Upton’s exhibit was divided into four bodies of work, representing different times of Upton’s life. The exhibition started with “Early Work,” which documents Upton’s early days as a young man at the California School of Fine Arts. The next section, “Japanalia,” was representative of the years Upton spent in Japan, and his interest in Japanese culture and philosophy that was inspirational to his work at the time.
The next section, “Jungle Road,” told a story of Upton’s time spent in Hawaii about 14 years prior to the exhibition, and a road which ran from inside a jungle to a volcano. Upton was inspired by the “shift of energy” with the plant life and scenery as the terrain changed from the jungle to volcano. The final section, “Petaluma,” featured more recent work of Upton’s, as he got a chance to explore more of his own photography after his retirement from OCC.
“The purpose of the show was to bring attention to what Upton did as personal work,” Stallings said.
The show was unfortunately cut short due to COVID-19 closing the campus in March, and the art has been returned to Northern California. Both a film and book were made of the “Right Time, Right Place'' exhibit to have a “longer effect” and so Upton’s work can still be accessed for years to come.
Outside of his educational achievements and impact as a fine arts photographer, Upton also promoted the OCC photography department to donors, creating relations that benefited the department, both in his long career and after retirement.
“John was a great ambassador to the photography program,” Gillisen said. “His representation as an ambassador is what our department will lack now.’

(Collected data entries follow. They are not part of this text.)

(* Let $r>0$ and let $z\colon[0,r)\to[0,r)$ be a homeomorphism with $(\alpha)z>\alpha$ for all $\alpha\in(0,r)$. Let $f$ be a permutation of $[0,r)$ such that $f$ commutes with $z$, $f$ is (right-)continuous at $0$, and $f$ has finitely many points of discontinuity. Then $f$ is continuous (for the usual topology).
   Context: Maps act on the right: $(\alpha)z$ is the image of $\alpha$ under $z$, and $fz$ means "first $f$, then $z$". *)

theory Defs
  imports "HOL-Analysis.Analysis"
begin

end

theory Submission
  imports Defs
begin

(* Let D be the set of points of S = [0,r) at which f is discontinuous.
   Since f commutes with the homeomorphism z, on S we have f = z\<inverse> \<circ> f \<circ> z, so
   continuity of f at z x forces continuity of f at x; equivalently D is mapped
   into itself by z.  By hypothesis 0 \<notin> D, so z moves every point of D strictly
   upwards.  A finite set that is mapped into itself by a map moving each of its
   points strictly upwards must be empty: z would send its maximum above the
   maximum.  Hence D = {} and f is continuous on S.
   The file proves the conjugation step for arbitrary metric spaces, derives the
   invariance of the discontinuity set, proves the order-theoretic emptiness
   lemma for arbitrary linear orders, and combines them in lemma3p1. *)

text \<open>If a map f on S commutes with a self-homeomorphism z of S, continuity of f
  at the image point z x implies continuity of f at x, because f agrees on S
  with the composite z' \<circ> f \<circ> z of maps continuous at x.\<close>

lemma continuous_within_conjugate_back:
  fixes f z z' :: "'a::metric_space \<Rightarrow> 'a"
  assumes hom: "homeomorphism S S z z'"
    and fS: "f ` S \<subseteq> S"
    and comm: "\<forall>y\<in>S. f (z y) = z (f y)"
    and x: "x \<in> S"
    and cont: "continuous (at (z x) within S) f"
  shows "continuous (at x within S) f"
proof -
  have zS: "z ` S = S" and z'_z: "\<forall>y\<in>S. z' (z y) = y"
    and cz: "continuous_on S z" and cz': "continuous_on S z'"
    using hom unfolding homeomorphism_def by auto
  have "continuous (at x within S) z"
    using cz x continuous_on_eq_continuous_within by blast
  then have cfz: "continuous (at x within S) (\<lambda>y. f (z y))"
    by (rule continuous_within_compose2) (simp add: zS cont)
  have "continuous (at (f (z x)) within S) z'"
    using cz' x zS fS continuous_on_eq_continuous_within by blast
  moreover have "(\<lambda>y. f (z y)) ` S \<subseteq> S" using fS zS by auto
  ultimately have cz'fz: "continuous (at x within S) (\<lambda>y. z' (f (z y)))"
    using continuous_within_compose2[OF cfz] continuous_within_subset by blast
  have conj: "\<forall>y\<in>S. z' (f (z y)) = f y"
    using comm z'_z fS by auto
  show ?thesis
    by (rule continuous_transform_within[OF cz'fz zero_less_one x]) (use conj in auto)
qed

lemma discontinuities_invariant:
  fixes f z :: "'a::metric_space \<Rightarrow> 'a"
  assumes "homeomorphism S S z z'" "f ` S \<subseteq> S" "\<forall>y\<in>S. f (z y) = z (f y)"
    and "x \<in> {x \<in> S. \<not> continuous (at x within S) f}"
  shows "z x \<in> {x \<in> S. \<not> continuous (at x within S) f}"
  using assms continuous_within_conjugate_back[OF assms(1-3)] homeomorphism_image1[OF assms(1)]
  by blast

lemma finite_invariant_increasing_empty:
  fixes D :: "'a::linorder set"
  assumes "finite D" and "\<forall>x\<in>D. z x \<in> D \<and> x < z x"
  shows "D = {}"
proof (rule ccontr)
  assume "D \<noteq> {}"
  then have "Max D \<in> D" using assms(1) by simp
  then have "z (Max D) \<in> D" and "Max D < z (Max D)" using assms(2) by auto
  then show False using Max_ge[OF assms(1)] by (simp add: not_le[symmetric])
qed

theorem lemma3p1:
  fixes r :: real and z f :: "real \<Rightarrow> real"
  assumes "r > 0"
    and "\<exists>z'. homeomorphism {0..<r} {0..<r} z z'"
    and "\<forall>\<alpha>\<in>{0<..<r}. z \<alpha> > \<alpha>"
    and "bij_betw f {0..<r} {0..<r}"
    and "\<forall>x\<in>{0..<r}. f (z x) = z (f x)"
    and "continuous (at 0 within {0..<r}) f"
    and "finite {x \<in> {0..<r}. \<not> continuous (at x within {0..<r}) f}"
  shows "continuous_on {0..<r} f"
proof -
  define D where "D = {x \<in> {0..<r}. \<not> continuous (at x within {0..<r}) f}"
  obtain z' where hom: "homeomorphism {0..<r} {0..<r} z z'" using assms(2) by blast
  have fS: "f ` {0..<r} \<subseteq> {0..<r}" using assms(4) by (simp add: bij_betw_def)
  have "D \<subseteq> {0<..<r}"
    using assms(6) unfolding D_def by (force simp: order_le_less)
  then have "\<forall>x\<in>D. z x \<in> D \<and> x < z x"
    using discontinuities_invariant[OF hom fS assms(5)] assms(3) unfolding D_def by blast
  then have "D = {}"
    using finite_invariant_increasing_empty assms(7) unfolding D_def by blast
  then show ?thesis
    unfolding continuous_on_eq_continuous_within D_def by auto
qed

end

Upton is remembered at OCC for his contributions to fine art photography and art history, his impact as an educator and as a great teacher, mentor and friend. Two of Upton’s own students, Gillisen and John Hesketh, are photography faculty today.
“I don’t know if I would’ve ever gotten into teaching, most certainly not at OCC, so I owe that to him,” Gillisen said. “He had a passion for photography I’ve seen before, but don’t know I’ll see again.”
Upton is survived by his two daughters, Erica and Sean, their husbands and three grandchildren.